Please tally how many lines in the entries below include the word "also", giving only the number.

The data Block Start

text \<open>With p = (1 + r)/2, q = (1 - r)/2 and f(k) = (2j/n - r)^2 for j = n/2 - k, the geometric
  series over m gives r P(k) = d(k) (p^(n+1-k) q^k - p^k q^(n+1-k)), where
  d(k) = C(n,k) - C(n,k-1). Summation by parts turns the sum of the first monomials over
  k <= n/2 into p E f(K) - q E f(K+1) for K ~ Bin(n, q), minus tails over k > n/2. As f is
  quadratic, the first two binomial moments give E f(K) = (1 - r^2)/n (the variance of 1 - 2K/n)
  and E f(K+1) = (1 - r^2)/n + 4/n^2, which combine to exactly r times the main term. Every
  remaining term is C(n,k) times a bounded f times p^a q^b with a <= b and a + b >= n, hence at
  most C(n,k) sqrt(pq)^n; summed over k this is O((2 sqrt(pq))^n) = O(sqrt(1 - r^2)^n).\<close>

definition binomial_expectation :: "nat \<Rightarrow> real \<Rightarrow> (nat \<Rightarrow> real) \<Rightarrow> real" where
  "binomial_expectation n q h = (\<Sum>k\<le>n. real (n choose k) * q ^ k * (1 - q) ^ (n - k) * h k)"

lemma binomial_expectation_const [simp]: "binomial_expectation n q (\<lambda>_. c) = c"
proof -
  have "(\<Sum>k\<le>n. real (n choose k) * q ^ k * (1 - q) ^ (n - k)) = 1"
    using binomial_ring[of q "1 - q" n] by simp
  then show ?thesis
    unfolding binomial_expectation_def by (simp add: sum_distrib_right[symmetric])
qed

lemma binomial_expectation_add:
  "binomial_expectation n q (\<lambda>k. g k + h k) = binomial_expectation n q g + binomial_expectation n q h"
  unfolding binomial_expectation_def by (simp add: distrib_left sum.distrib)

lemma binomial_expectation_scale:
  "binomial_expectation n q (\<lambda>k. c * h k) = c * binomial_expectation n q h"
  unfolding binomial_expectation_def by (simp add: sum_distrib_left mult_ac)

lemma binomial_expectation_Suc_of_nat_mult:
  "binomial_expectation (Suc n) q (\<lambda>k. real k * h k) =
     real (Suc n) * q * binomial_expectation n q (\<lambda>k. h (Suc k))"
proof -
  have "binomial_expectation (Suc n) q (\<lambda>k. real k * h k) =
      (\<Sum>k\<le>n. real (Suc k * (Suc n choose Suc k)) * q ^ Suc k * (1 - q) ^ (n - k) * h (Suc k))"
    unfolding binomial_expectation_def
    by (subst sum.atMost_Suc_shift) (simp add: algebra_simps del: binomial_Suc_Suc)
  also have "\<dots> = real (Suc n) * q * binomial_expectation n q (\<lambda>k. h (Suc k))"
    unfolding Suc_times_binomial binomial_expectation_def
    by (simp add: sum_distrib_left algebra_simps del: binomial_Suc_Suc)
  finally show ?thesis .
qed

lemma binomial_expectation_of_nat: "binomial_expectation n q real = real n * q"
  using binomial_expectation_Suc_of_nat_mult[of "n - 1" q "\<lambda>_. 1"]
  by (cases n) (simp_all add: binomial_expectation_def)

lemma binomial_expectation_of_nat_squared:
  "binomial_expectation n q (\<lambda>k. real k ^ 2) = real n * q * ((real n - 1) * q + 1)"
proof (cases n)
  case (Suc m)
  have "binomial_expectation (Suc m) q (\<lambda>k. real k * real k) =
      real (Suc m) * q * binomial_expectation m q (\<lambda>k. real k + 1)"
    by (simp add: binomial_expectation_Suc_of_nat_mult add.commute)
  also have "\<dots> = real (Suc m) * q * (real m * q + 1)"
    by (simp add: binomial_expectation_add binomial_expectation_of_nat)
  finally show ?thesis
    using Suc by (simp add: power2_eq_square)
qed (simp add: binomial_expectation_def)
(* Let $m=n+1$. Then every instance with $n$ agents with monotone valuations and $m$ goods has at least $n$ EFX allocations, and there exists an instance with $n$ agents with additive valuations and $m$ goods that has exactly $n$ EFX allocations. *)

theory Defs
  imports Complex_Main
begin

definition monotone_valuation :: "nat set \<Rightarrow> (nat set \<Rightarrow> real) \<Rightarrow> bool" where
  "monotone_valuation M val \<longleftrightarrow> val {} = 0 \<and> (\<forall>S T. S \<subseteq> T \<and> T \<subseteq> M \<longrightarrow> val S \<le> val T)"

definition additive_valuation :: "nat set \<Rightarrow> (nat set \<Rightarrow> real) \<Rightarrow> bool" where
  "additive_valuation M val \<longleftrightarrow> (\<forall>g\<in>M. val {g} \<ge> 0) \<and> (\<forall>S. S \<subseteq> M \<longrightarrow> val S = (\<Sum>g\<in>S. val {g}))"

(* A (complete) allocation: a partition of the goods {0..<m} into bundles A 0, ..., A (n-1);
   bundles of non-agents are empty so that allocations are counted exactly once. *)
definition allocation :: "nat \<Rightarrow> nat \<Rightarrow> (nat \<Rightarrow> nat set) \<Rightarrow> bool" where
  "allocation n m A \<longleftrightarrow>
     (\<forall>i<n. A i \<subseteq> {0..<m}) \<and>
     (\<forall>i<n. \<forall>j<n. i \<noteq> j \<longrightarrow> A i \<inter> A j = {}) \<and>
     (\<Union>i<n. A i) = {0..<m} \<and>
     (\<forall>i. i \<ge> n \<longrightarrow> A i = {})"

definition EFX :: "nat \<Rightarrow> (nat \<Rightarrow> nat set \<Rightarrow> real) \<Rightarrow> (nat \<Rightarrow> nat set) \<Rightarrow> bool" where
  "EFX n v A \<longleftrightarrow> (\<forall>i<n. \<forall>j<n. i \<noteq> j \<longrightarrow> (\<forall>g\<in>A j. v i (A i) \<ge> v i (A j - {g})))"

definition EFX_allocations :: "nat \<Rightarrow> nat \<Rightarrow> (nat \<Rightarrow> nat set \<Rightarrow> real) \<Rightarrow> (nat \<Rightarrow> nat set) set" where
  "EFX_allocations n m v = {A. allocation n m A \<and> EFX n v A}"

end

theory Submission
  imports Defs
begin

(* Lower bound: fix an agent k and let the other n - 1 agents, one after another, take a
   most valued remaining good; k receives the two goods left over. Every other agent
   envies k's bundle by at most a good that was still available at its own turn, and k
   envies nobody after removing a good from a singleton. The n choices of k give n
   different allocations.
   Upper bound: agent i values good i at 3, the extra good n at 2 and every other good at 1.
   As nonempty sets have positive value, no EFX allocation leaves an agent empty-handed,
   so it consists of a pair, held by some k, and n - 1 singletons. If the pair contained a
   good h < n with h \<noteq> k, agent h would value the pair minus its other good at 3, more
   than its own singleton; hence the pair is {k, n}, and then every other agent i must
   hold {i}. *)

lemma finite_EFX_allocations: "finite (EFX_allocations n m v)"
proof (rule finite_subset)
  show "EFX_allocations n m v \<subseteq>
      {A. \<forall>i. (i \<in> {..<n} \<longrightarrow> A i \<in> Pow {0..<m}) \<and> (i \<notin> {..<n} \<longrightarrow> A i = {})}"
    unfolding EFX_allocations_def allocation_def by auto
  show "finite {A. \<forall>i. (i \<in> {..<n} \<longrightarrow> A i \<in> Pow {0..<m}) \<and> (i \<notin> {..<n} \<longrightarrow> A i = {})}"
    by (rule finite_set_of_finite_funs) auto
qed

The data Block End

Response box = 2